Where in the listing does the string "True" appear? Copy every line that holds it.
---------- Input material
lemma sparse_gain_if_card_le_3:
  assumes "finite X" and "c4_free E X Y" and "card X \<le> 3" and "2 \<le> card Y"
  shows "\<exists>T\<subseteq>Y. card X < sparse_count E X T"
proof (rule ccontr)
  assume "\<not> ?thesis"
  then have no_gain: "\<forall>T\<subseteq>Y. sparse_count E X T \<le> card X"
    by (simp add: not_less)
  from assms(4) obtain y\<^sub>1 y\<^sub>2 where y: "y\<^sub>1 \<in> Y" "y\<^sub>2 \<in> Y" "y\<^sub>1 \<noteq> y\<^sub>2"
    by (rule two_elements_if_card_ge_2)
  define N\<^sub>1 where "N\<^sub>1 = nbhd E X y\<^sub>1"
  define N\<^sub>2 where "N\<^sub>2 = nbhd E X y\<^sub>2"
  have fin: "finite N\<^sub>1" "finite N\<^sub>2"
    unfolding N\<^sub>1_def N\<^sub>2_def using finite_nbhd[OF assms(1)] by blast+
  have "card (N\<^sub>1 \<union> N\<^sub>2) \<le> 3"
    using card_mono[OF assms(1), of "N\<^sub>1 \<union> N\<^sub>2"] nbhd_subset assms(3)
    unfolding N\<^sub>1_def N\<^sub>2_def by fastforce
  moreover have "card (N\<^sub>1 \<inter> N\<^sub>2) \<le> 1"
    unfolding N\<^sub>1_def N\<^sub>2_def by (rule c4_freeD[OF assms(2) y])
  moreover have "2 \<le> card N\<^sub>1" "2 \<le> card N\<^sub>2"
    using two_le_card_nbhd_if_no_gain[OF assms(1) no_gain] y(1,2)
    unfolding N\<^sub>1_def N\<^sub>2_def by blast+
  moreover note card_Un_Int[OF fin]
  ultimately have "card N\<^sub>1 = 2" "card N\<^sub>2 = 2" "card (N\<^sub>1 \<inter> N\<^sub>2) = 1"
    by linarith+
  then show False
    using disjoint_nbhds_if_no_gain[OF assms(1) no_gain assms(2) y]
    unfolding N\<^sub>1_def N\<^sub>2_def by simp
qed

text \<open>If \<open>y\<^sub>1, y\<^sub>2\<close> have disjoint neighbourhoods of size 2, at most two vertices of \<open>X\<close> remain
  outside them; two further vertices of \<open>Y\<close> both adjacent to two of those would form a 4-cycle.\<close>

lemma third_vertex_with_few_new_nbrs:
  assumes "finite X" "finite Y" and "c4_free E X Y"
    and "y\<^sub>1 \<in> Y" "y\<^sub>2 \<in> Y" "y\<^sub>1 \<noteq> y\<^sub>2"
    and "card (nbhd E X y\<^sub>1 \<union> nbhd E X y\<^sub>2) = 4"
    and "(card X \<le> 5 \<and> 3 \<le> card Y) \<or> (card X = 6 \<and> 4 \<le> card Y)"
  shows "\<exists>y\<^sub>3\<in>Y - {y\<^sub>1, y\<^sub>2}. card (nbhd E X y\<^sub>3 - (nbhd E X y\<^sub>1 \<union> nbhd E X y\<^sub>2)) \<le> 1"
proof -
  define W where "W = X - (nbhd E X y\<^sub>1 \<union> nbhd E X y\<^sub>2)"
  have finW: "finite W"
    unfolding W_def using assms(1) by simp
  have new_sub: "nbhd E X y - (nbhd E X y\<^sub>1 \<union> nbhd E X y\<^sub>2) \<subseteq> W" for y
    unfolding W_def using nbhd_subset by blast
  have card_W: "card W = card X - 4"
    unfolding W_def using assms(1,7) nbhd_subset finite_nbhd[OF assms(1)] by (subst card_Diff_subset) auto
  have card_rest: "card (Y - {y\<^sub>1, y\<^sub>2}) = card Y - 2"
    using assms(2,4-6) by (simp add: card_Diff_subset)
  show ?thesis
  proof (cases "card X \<le> 5")
    case True
    then have "Y - {y\<^sub>1, y\<^sub>2} \<noteq> {}"
      using assms(8) card_rest by fastforce
    then obtain y\<^sub>3 where "y\<^sub>3 \<in> Y - {y\<^sub>1, y\<^sub>2}" by blast
    moreover have "card (nbhd E X y\<^sub>3 - (nbhd E X y\<^sub>1 \<union> nbhd E X y\<^sub>2)) \<le> card W"
      by (rule card_mono[OF finW new_sub])
    then have "card (nbhd E X y\<^sub>3 - (nbhd E X y\<^sub>1 \<union> nbhd E X y\<^sub>2)) \<le> 1"
      using card_W True by linarith
    ultimately show ?thesis by blast
  next
    case False
    then have "card W = 2" "2 \<le> card (Y - {y\<^sub>1, y\<^sub>2})"
      using assms(8) card_W card_rest by auto
    from this(2) obtain y\<^sub>3 y\<^sub>4
      where y34: "y\<^sub>3 \<in> Y - {y\<^sub>1, y\<^sub>2}" "y\<^sub>4 \<in> Y - {y\<^sub>1, y\<^sub>2}" "y\<^sub>3 \<noteq> y\<^sub>4"
      by (rule two_elements_if_card_ge_2)
    show ?thesis
    proof (rule ccontr)
      assume "\<not> ?thesis"
      then have "nbhd E X y - (nbhd E X y\<^sub>1 \<union> nbhd E X y\<^sub>2) = W" if "y \<in> Y - {y\<^sub>1, y\<^sub>2}" for y
        using that card_mono[OF finW new_sub] \<open>card W = 2\<close>
        by (metis card_subset_eq[OF finW new_sub] le_antisym not_less_eq_eq numeral_2_eq_2 One_nat_def)
      then have "W \<subseteq> nbhd E X y\<^sub>3 \<inter> nbhd E X y\<^sub>4"
        using y34 by blast
      then have "card W \<le> card (nbhd E X y\<^sub>3 \<inter> nbhd E X y\<^sub>4)"
        using finite_nbhd[OF assms(1)] by (intro card_mono) auto
      moreover have "card (nbhd E X y\<^sub>3 \<inter> nbhd E X y\<^sub>4) \<le> 1"
        using c4_freeD[OF assms(3)] y34 by blast
      ultimately show False
        using \<open>card W = 2\<close> by simp
    qed
  qed
qed

section \<open>Counting pairs of neighbours\<close>

text \<open>Each 2-subset of \<open>Z\<close> lies in at most one of the sets \<open>M i\<close>.\<close>

lemma sum_choose_two_le_if_pairwise_meet_le_1:
  assumes "finite Z" and "finite I" and "\<And>i. i \<in> I \<Longrightarrow> M i \<subseteq> Z"
    and "\<And>i i'. i \<in> I \<Longrightarrow> i' \<in> I \<Longrightarrow> i \<noteq> i' \<Longrightarrow> card (M i \<inter> M i') \<le> 1"
  shows "(\<Sum>i\<in>I. card (M i) choose 2) \<le> card Z choose 2"
proof -
  define Q where "Q i = {s. s \<subseteq> M i \<and> card s = 2}" for i
  have finM: "finite (M i)" if "i \<in> I" for i
    using assms(1,3) that finite_subset by blast
  have "Q i \<inter> Q i' = {}" if "i \<in> I" "i' \<in> I" "i \<noteq> i'" for i i'
  proof (rule ccontr)
    assume "Q i \<inter> Q i' \<noteq> {}"
    then obtain s where s: "s \<subseteq> M i" "s \<subseteq> M i'" "card s = 2"
      unfolding Q_def by blast
    then have "card s \<le> card (M i \<inter> M i')"
      using finM \<open>i \<in> I\<close> by (intro card_mono) auto
    then show False
      using assms(4)[OF that] s(3) by simp
  qed
  moreover have "finite (Q i)" if "i \<in> I" for i
    unfolding Q_def using finM[OF that] by (simp add: finite_subset[of _ "Pow (M i)"] subset_eq)
  ultimately have "(\<Sum>i\<in>I. card (Q i)) = card (\<Union>i\<in>I. Q i)"
    using assms(2) by (simp add: card_UN_disjoint)
  also have "\<dots> \<le> card {s. s \<subseteq> Z \<and> card s = 2}"
    using assms(1,3) unfolding Q_def by (intro card_mono) (auto simp: finite_subset[of _ "Pow Z"] subset_eq)
  finally show ?thesis
    using n_subsets[OF assms(1)] n_subsets[OF finM] unfolding Q_def by simp
qed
--------------------
Problem solution:
    case True
      using card_W True by linarith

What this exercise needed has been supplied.